lemma affW_mod_iff:
  assumes "u \<in> affW k"
  shows "u x mod period k = u y mod period k \<longleftrightarrow> x mod period k = y mod period k"
proof
  assume "u x mod period k = u y mod period k"
  then obtain m where "u y = u x + m * period k" using mod_period_eq_iff by blast
  then have "u y = u (x + m * period k)" using affW_shift[OF assms] by simp
  then show "x mod period k = y mod period k" using injD[OF affW_inj[OF assms]] by fastforce
qed (auto simp: mod_period_eq_iff affW_shift[OF assms])

lemma tr_left: "i mod period k = a mod period k \<Longrightarrow> tr k a b i = i + (b - a)"
  unfolding tr_def by simp

lemma tr_right: "a mod period k \<noteq> b mod period k \<Longrightarrow> i mod period k = b mod period k \<Longrightarrow> tr k a b i = i - (b - a)"
  unfolding tr_def by simp

lemma tr_other: "i mod period k \<noteq> a mod period k \<Longrightarrow> i mod period k \<noteq> b mod period k \<Longrightarrow> tr k a b i = i"
  unfolding tr_def by simp

lemma tr_left_shift: "tr k a b (a + m * period k) = b + m * period k"
  by (simp add: tr_left)

lemma tr_right_shift: "a mod period k \<noteq> b mod period k \<Longrightarrow> tr k a b (b + m * period k) = a + m * period k"
  by (simp add: tr_right)

lemma tr_left_eq: "tr k a b a = b"
  using tr_left_shift[where m = 0] by simp

lemma tr_right_eq: "a mod period k \<noteq> b mod period k \<Longrightarrow> tr k a b b = a"
  using tr_right_shift[where m = 0] by simp

lemma tr_shift: "tr k a b (i + m * period k) = tr k a b i + m * period k"
  unfolding tr_def by simp

lemma mod_add_diff_left: "i mod period k = a mod period k \<Longrightarrow> (i + (b - a)) mod period k = b mod period k"
  using mod_add_cong[of i "period k" a "b - a" "b - a"] by simp

lemma mod_diff_diff_right: "i mod period k = b mod period k \<Longrightarrow> (i - (b - a)) mod period k = a mod period k"
  using mod_diff_cong[of i "period k" b "b - a" "b - a"] by simp
(* Let $\mathcal{D}$ be a distribution on $\mathbb{S}^{d-1}$ for which there exist $C,C'>0$ with $C\mu(A)\le\mathcal{D}(A)\le C'\mu(A)$ for all measurable $A\subseteq\mathbb{S}^{d-1}$, where $\mu$ is the uniform (Haar) probability measure. There exist constants $\beta,\gamma>0$, depending only on $d$ and on $C,C'$, such that for all $\mathbf{x}^{(1)},\mathbf{x}^{(2)}\in\mathbb{S}^{d-1}$ with $\langle\mathbf{x}^{(1)},\mathbf{x}^{(2)}\rangle\ge0$, a random $\xi\sim\mathcal{D}$ satisfies both (1) $\mathrm{sgn}(\langle\mathbf{x}^{(1)},\xi\rangle)=\mathrm{sgn}(\langle\mathbf{x}^{(2)},\xi\rangle)$, and (2) $|\langle\mathbf{x}^{(i)},\xi\rangle|\ge\gamma$ for $i=1,2$, with probability at least $\beta$.
   Context: $\mathbb{S}^{d-1}$ is the unit sphere in $\mathbb{R}^d$; $\mathrm{sgn}(0)=0$. *)

theory Defs
  imports "HOL-Probability.Probability"
begin

definition sphere_cone :: "'a::real_normed_vector set \<Rightarrow> 'a set" where
  "sphere_cone A = {t *\<^sub>R x | t x. 0 < t \<and> t \<le> 1 \<and> x \<in> A}"

text \<open>Uniform (normalised surface / Haar) probability measure of a subset of the unit sphere,
  via the cone construction: mu(A) = vol(cone A) / vol(unit ball).\<close>
definition unif_sphere :: "'a::euclidean_space set \<Rightarrow> real" where
  "unif_sphere A = measure lborel (sphere_cone A) / measure lborel (ball (0::'a) 1)"

definition bounded_sphere_distr :: "real \<Rightarrow> real \<Rightarrow> 'a::euclidean_space measure \<Rightarrow> bool" where
  "bounded_sphere_distr C C' D \<longleftrightarrow>
     prob_space D \<and> space D = sphere 0 1 \<and>
     sets D = sets (restrict_space borel (sphere (0::'a) 1)) \<and>
     (\<forall>A\<in>sets D. C * unif_sphere A \<le> measure D A \<and> measure D A \<le> C' * unif_sphere A)"

end

theory Submission
  imports Defs
begin

(* Since x1 and x2 make an angle of at most 90 degrees, the ball of radius 1/8 around half their
   unit bisector lies in the punctured unit ball, and on it both x1 \<bullet> y and x2 \<bullet> y exceed
   1/8 while norm y < 5/8. Its normalisation to the sphere is thus a set of directions on which
   both inner products are at least 1/5 in absolute value with the same sign, and whose uniform
   measure is at least the volume ratio (1/8)^d. The lower density bound C transfers this to D. *)

definition margin_cone :: "'a::real_inner \<Rightarrow> 'a \<Rightarrow> real \<Rightarrow> 'a set" where
  "margin_cone x1 x2 g =
     {y. sgn (x1 \<bullet> y) = sgn (x2 \<bullet> y) \<and> g * norm y \<le> \<bar>x1 \<bullet> y\<bar> \<and> g * norm y \<le> \<bar>x2 \<bullet> y\<bar>}"

lemma margin_cone_scaleR_iff:
  assumes "t > 0"
  shows "t *\<^sub>R y \<in> margin_cone x1 x2 g \<longleftrightarrow> y \<in> margin_cone x1 x2 g"
  using assms by (simp add: margin_cone_def abs_mult sgn_mult mult.left_commute)

lemma margin_cone_borel:
  "margin_cone (x1::'a::euclidean_space) x2 g \<in> sets borel"
proof -
  have "{y \<in> space borel. sgn (x1 \<bullet> y) = sgn (x2 \<bullet> y) \<and>
          g * norm y \<le> \<bar>x1 \<bullet> y\<bar> \<and> g * norm y \<le> \<bar>x2 \<bullet> y\<bar>} \<in> sets borel"
    by measurable
  then show ?thesis
    by (simp add: margin_cone_def)
qed

lemma sphere_margin_cone_eq:
  assumes "norm \<xi> = 1"
  shows "\<xi> \<in> margin_cone x1 x2 g \<longleftrightarrow>
           sgn (x1 \<bullet> \<xi>) = sgn (x2 \<bullet> \<xi>) \<and> \<bar>x1 \<bullet> \<xi>\<bar> \<ge> g \<and> \<bar>x2 \<bullet> \<xi>\<bar> \<ge> g"
  using assms by (simp add: margin_cone_def)

lemma sphere_cone_sphere_Int_cone:
  fixes S :: "'a::real_normed_vector set"
  assumes scale: "\<And>t y. t > 0 \<Longrightarrow> t *\<^sub>R y \<in> S \<longleftrightarrow> y \<in> S"
  shows "sphere_cone (sphere 0 1 \<inter> S) = (cball 0 1 - {0}) \<inter> S"
proof
  show "sphere_cone (sphere 0 1 \<inter> S) \<subseteq> (cball 0 1 - {0}) \<inter> S"
    using scale by (auto simp: sphere_cone_def)
next
  show "(cball 0 1 - {0}) \<inter> S \<subseteq> sphere_cone (sphere 0 1 \<inter> S)"
  proof
    fix y assume y: "y \<in> (cball 0 1 - {0}) \<inter> S"
    then have "norm y > 0" "norm y \<le> 1"
      by auto
    moreover have "y /\<^sub>R norm y \<in> sphere 0 1 \<inter> S"
      using y scale[of "inverse (norm y)" y] by auto
    moreover have "y = norm y *\<^sub>R (y /\<^sub>R norm y)"
      using \<open>norm y > 0\<close> by simp
    ultimately show "y \<in> sphere_cone (sphere 0 1 \<inter> S)"
      unfolding sphere_cone_def by blast
  qed
qed

lemma unif_sphere_ge_ball:
  fixes A :: "'a::euclidean_space set"
  assumes "A \<subseteq> sphere 0 1" "sphere_cone A \<in> sets lborel" "ball v r \<subseteq> sphere_cone A" "r \<ge> 0"
  shows "r ^ DIM('a) \<le> unif_sphere A"
proof -
  have "sphere_cone A \<subseteq> cball 0 1"
    using assms(1) by (auto simp: sphere_cone_def)
  then have "sphere_cone A \<in> fmeasurable lborel"
    using assms(2) by (intro fmeasurableI2[OF fmeasurable_compact[OF compact_cball]])
  then have "measure lborel (ball v r) \<le> measure lborel (sphere_cone A)"
    using assms(3) by (intro measure_mono_fmeasurable) auto
  then have "r ^ DIM('a) * measure lborel (ball (0::'a) 1) \<le> measure lborel (sphere_cone A)"
    using content_ball_conv_unit_ball[OF \<open>r \<ge> 0\<close>, of v] by simp
  then show ?thesis
    unfolding unif_sphere_def using content_ball_pos[of 1 "0::'a"]
    by (simp add: pos_le_divide_eq)
qed

lemma inner_bisector_ge:
  fixes x1 x2 :: "'a::real_inner"
  assumes "norm x1 = 1" "norm x2 = 1" "x1 \<bullet> x2 \<ge> 0"
  defines "u \<equiv> (x1 + x2) /\<^sub>R norm (x1 + x2)"
  shows "norm u = 1" "x1 \<bullet> u \<ge> 1/2" "x2 \<bullet> u \<ge> 1/2"
proof -
  have unit: "x1 \<bullet> x1 = 1" "x2 \<bullet> x2 = 1"
    using assms(1,2) by (simp_all add: dot_square_norm)
  then have "norm (x1 + x2) ^ 2 = 2 + 2 * (x1 \<bullet> x2)"
    by (simp add: power2_norm_eq_inner inner_add_left inner_add_right inner_commute)
  then have pos: "norm (x1 + x2) > 0"
    using assms(3) by (cases "norm (x1 + x2) = 0") auto
  have le2: "norm (x1 + x2) \<le> 2"
    using norm_triangle_ineq[of x1 x2] assms(1,2) by simp
  have "x1 \<bullet> u = (1 + x1 \<bullet> x2) / norm (x1 + x2)" "x2 \<bullet> u = (1 + x1 \<bullet> x2) / norm (x1 + x2)"
    using unit unfolding u_def inner_scaleR_right
    by (simp_all add: inner_add_right inner_commute divide_inverse mult.commute)
  moreover have "(1 + x1 \<bullet> x2) / norm (x1 + x2) \<ge> 1/2"
    using pos le2 assms(3) by (simp add: pos_le_divide_eq)
  ultimately show "x1 \<bullet> u \<ge> 1/2" "x2 \<bullet> u \<ge> 1/2"
    by simp_all
  show "norm u = 1"
    using pos by (simp add: u_def)
qed

lemma inner_gt_on_ball:
  fixes x :: "'a::real_inner"
  assumes "norm x = 1" "y \<in> ball v r"
  shows "x \<bullet> y > x \<bullet> v - r"
proof -
  have "\<bar>x \<bullet> (y - v)\<bar> \<le> norm (y - v)"
    using Cauchy_Schwarz_ineq2[of x "y - v"] assms(1) by simp
  moreover have "norm (y - v) < r"
    using assms(2) by (simp add: dist_norm norm_minus_commute)
  ultimately show ?thesis
    by (simp add: inner_diff_right)
qed

lemma ball_subset_margin_cone:
  fixes x1 x2 :: "'a::real_inner"
  assumes "norm x1 = 1" "norm x2 = 1" "x1 \<bullet> x2 \<ge> 0"
  defines "v \<equiv> (1/2) *\<^sub>R ((x1 + x2) /\<^sub>R norm (x1 + x2))"
  shows "ball v (1/8) \<subseteq> (cball 0 1 - {0}) \<inter> margin_cone x1 x2 (1/5)"
proof
  fix y assume y: "y \<in> ball v (1/8)"
  have "norm v = 1/2" "x1 \<bullet> v \<ge> 1/4" "x2 \<bullet> v \<ge> 1/4"
    using inner_bisector_ge[OF assms(1-3)] by (simp_all add: v_def)
  moreover have "x1 \<bullet> y > x1 \<bullet> v - 1/8" "x2 \<bullet> y > x2 \<bullet> v - 1/8"
    using inner_gt_on_ball[OF _ y] assms(1,2) by auto
  moreover have "norm y < norm v + 1/8"
    using y norm_triangle_ineq[of v "y - v"] by (simp add: dist_norm norm_minus_commute)
  ultimately have "x1 \<bullet> y > 1/8" "x2 \<bullet> y > 1/8" "norm y < 5/8"
    by linarith+
  then show "y \<in> (cball 0 1 - {0}) \<inter> margin_cone x1 x2 (1/5)"
    by (auto simp: margin_cone_def)
qed

lemma bounded_sphere_distr_lower:
  assumes "bounded_sphere_distr C C' D" "A \<subseteq> sphere 0 1" "A \<in> sets borel"
  shows "C * unif_sphere A \<le> measure D A"
proof -
  have "A \<in> sets D"
    using assms by (auto simp: bounded_sphere_distr_def sets_restrict_space_iff)
  then show ?thesis
    using assms(1) by (simp add: bounded_sphere_distr_def)
qed

theorem lemma3p5:
  fixes C C' :: real
  assumes "C > 0" and "C' > 0"
  shows "\<exists>\<beta>>0. \<exists>\<gamma>>0. \<forall>D :: (real ^ 'n) measure. bounded_sphere_distr C C' D \<longrightarrow>
           (\<forall>x1\<in>sphere 0 1. \<forall>x2\<in>sphere 0 1. x1 \<bullet> x2 \<ge> 0 \<longrightarrow>
              measure D {\<xi> \<in> space D. sgn (x1 \<bullet> \<xi>) = sgn (x2 \<bullet> \<xi>) \<and>
                                       \<bar>x1 \<bullet> \<xi>\<bar> \<ge> \<gamma> \<and> \<bar>x2 \<bullet> \<xi>\<bar> \<ge> \<gamma>} \<ge> \<beta>)"
proof (rule exI[of _ "C * (1/8) ^ DIM(real ^ 'n)"], intro conjI exI[of _ "1/5::real"] allI impI ballI)
  fix D :: "(real ^ 'n) measure" and x1 x2 :: "real ^ 'n"
  assume D: "bounded_sphere_distr C C' D" and x: "x1 \<in> sphere 0 1" "x2 \<in> sphere 0 1"
    and "x1 \<bullet> x2 \<ge> 0"
  define E where "E = sphere 0 1 \<inter> margin_cone x1 x2 (1/5)"
  have set_eq: "{\<xi> \<in> space D. sgn (x1 \<bullet> \<xi>) = sgn (x2 \<bullet> \<xi>) \<and>
                               \<bar>x1 \<bullet> \<xi>\<bar> \<ge> 1/5 \<and> \<bar>x2 \<bullet> \<xi>\<bar> \<ge> 1/5} = E"
    using D by (auto simp: E_def bounded_sphere_distr_def sphere_margin_cone_eq)
  have cone: "sphere_cone E = (cball 0 1 - {0}) \<inter> margin_cone x1 x2 (1/5)"
    unfolding E_def by (rule sphere_cone_sphere_Int_cone) (rule margin_cone_scaleR_iff)
  have "sphere_cone E \<in> sets lborel"
    unfolding cone sets_lborel by (intro sets.Int sets.Diff borel_closed margin_cone_borel) auto
  moreover have "ball ((1/2) *\<^sub>R ((x1 + x2) /\<^sub>R norm (x1 + x2))) (1/8) \<subseteq> sphere_cone E"
    unfolding cone using ball_subset_margin_cone x \<open>x1 \<bullet> x2 \<ge> 0\<close> by simp
  ultimately have "(1/8) ^ DIM(real ^ 'n) \<le> unif_sphere E"
    by (intro unif_sphere_ge_ball) (auto simp: E_def)
  then have "C * (1/8) ^ DIM(real ^ 'n) \<le> C * unif_sphere E"
    using \<open>C > 0\<close> by simp
  also have "\<dots> \<le> measure D E"
    unfolding E_def
    by (intro bounded_sphere_distr_lower[OF D] sets.Int borel_closed margin_cone_borel) auto
  finally show "measure D {\<xi> \<in> space D. sgn (x1 \<bullet> \<xi>) = sgn (x2 \<bullet> \<xi>) \<and>
                   \<bar>x1 \<bullet> \<xi>\<bar> \<ge> 1/5 \<and> \<bar>x2 \<bullet> \<xi>\<bar> \<ge> 1/5} \<ge> C * (1/8) ^ DIM(real ^ 'n)"
    by (simp only: set_eq)
qed (use assms in auto)

end
theorem theorem3:
  shows
   "(\<forall>(V :: 'a set) E (w :: 'a set \<Rightarrow> real).
       is_graph V E \<and> connected_on V E \<and> (\<forall>e\<in>E. w e \<ge> 0) \<longrightarrow>
       (let P = (\<lambda>\<delta>. is_diversity V \<delta> \<and> (\<forall>u v. {u, v} \<in> E \<longrightarrow> \<delta> {u, v} \<le> w {u, v}));
            D = steiner_tree_diversity V E w
        in P D \<and> (\<forall>\<delta>. P \<delta> \<longrightarrow> div_le V \<delta> D)
           \<and> (\<forall>\<delta>. P \<delta> \<and> (\<forall>\<delta>'. P \<delta>' \<and> div_le V \<delta> \<delta>' \<longrightarrow> div_le V \<delta>' \<delta>)
                  \<longrightarrow> div_le V \<delta> D \<and> div_le V D \<delta>)))
  \<and> (\<forall>(V :: 'a set) E (w :: 'a set \<Rightarrow> real).
       is_hypergraph V E \<and> connected_on V E \<and> (\<forall>e\<in>E. w e \<ge> 0) \<longrightarrow>
       (let P = (\<lambda>\<delta>. is_diversity V \<delta> \<and> (\<forall>A\<in>E. \<delta> A \<le> w A));
            D = hypergraph_steiner_diversity V E w
        in P D \<and> (\<forall>\<delta>. P \<delta> \<longrightarrow> div_le V \<delta> D)
           \<and> (\<forall>\<delta>. P \<delta> \<and> (\<forall>\<delta>'. P \<delta>' \<and> div_le V \<delta> \<delta>' \<longrightarrow> div_le V \<delta>' \<delta>)
                  \<longrightarrow> div_le V \<delta> D \<and> div_le V D \<delta>)))"
  apply (intro conjI allI impI)
  subgoal premises hyps for V E w
  proof -
    have "is_graph V E" "connected_on V E" "\<forall>e\<in>E. 0 \<le> w e"
      using hyps by auto
    note facts = is_diversity_steiner_tree_diversity[OF this]
      steiner_tree_diversity_edge_le[OF this] le_steiner_tree_diversity[OF this]
    show ?thesis
      unfolding Let_def by (rule greatest_imp_unique_maximal) (use facts in blast)+
  qed
  subgoal premises hyps for V E w
  proof -
    have "is_hypergraph V E" "connected_on V E" "\<forall>e\<in>E. 0 \<le> w e"
      using hyps by auto
    note facts = is_diversity_hypergraph_steiner_diversity[OF this]
      hypergraph_steiner_diversity_edge_le[OF this] le_hypergraph_steiner_diversity[OF this]
    show ?thesis
      unfolding Let_def by (rule greatest_imp_unique_maximal) (use facts in blast)+
  qed
  done

end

● ● ● ● ● ● ●

__Task description__
Your answer must consist solely of the lines above between the line holding "is_graph V E \<and>" and the line holding "E \<longrightarrow> \<delta>", inclusive, copied exactly.

__Task answer__
       is_graph V E \<and> connected_on V E \<and> (\<forall>e\<in>E. w e \<ge> 0) \<longrightarrow>
       (let P = (\<lambda>\<delta>. is_diversity V \<delta> \<and> (\<forall>u v. {u, v} \<in> E \<longrightarrow> \<delta> {u, v} \<le> w {u, v}));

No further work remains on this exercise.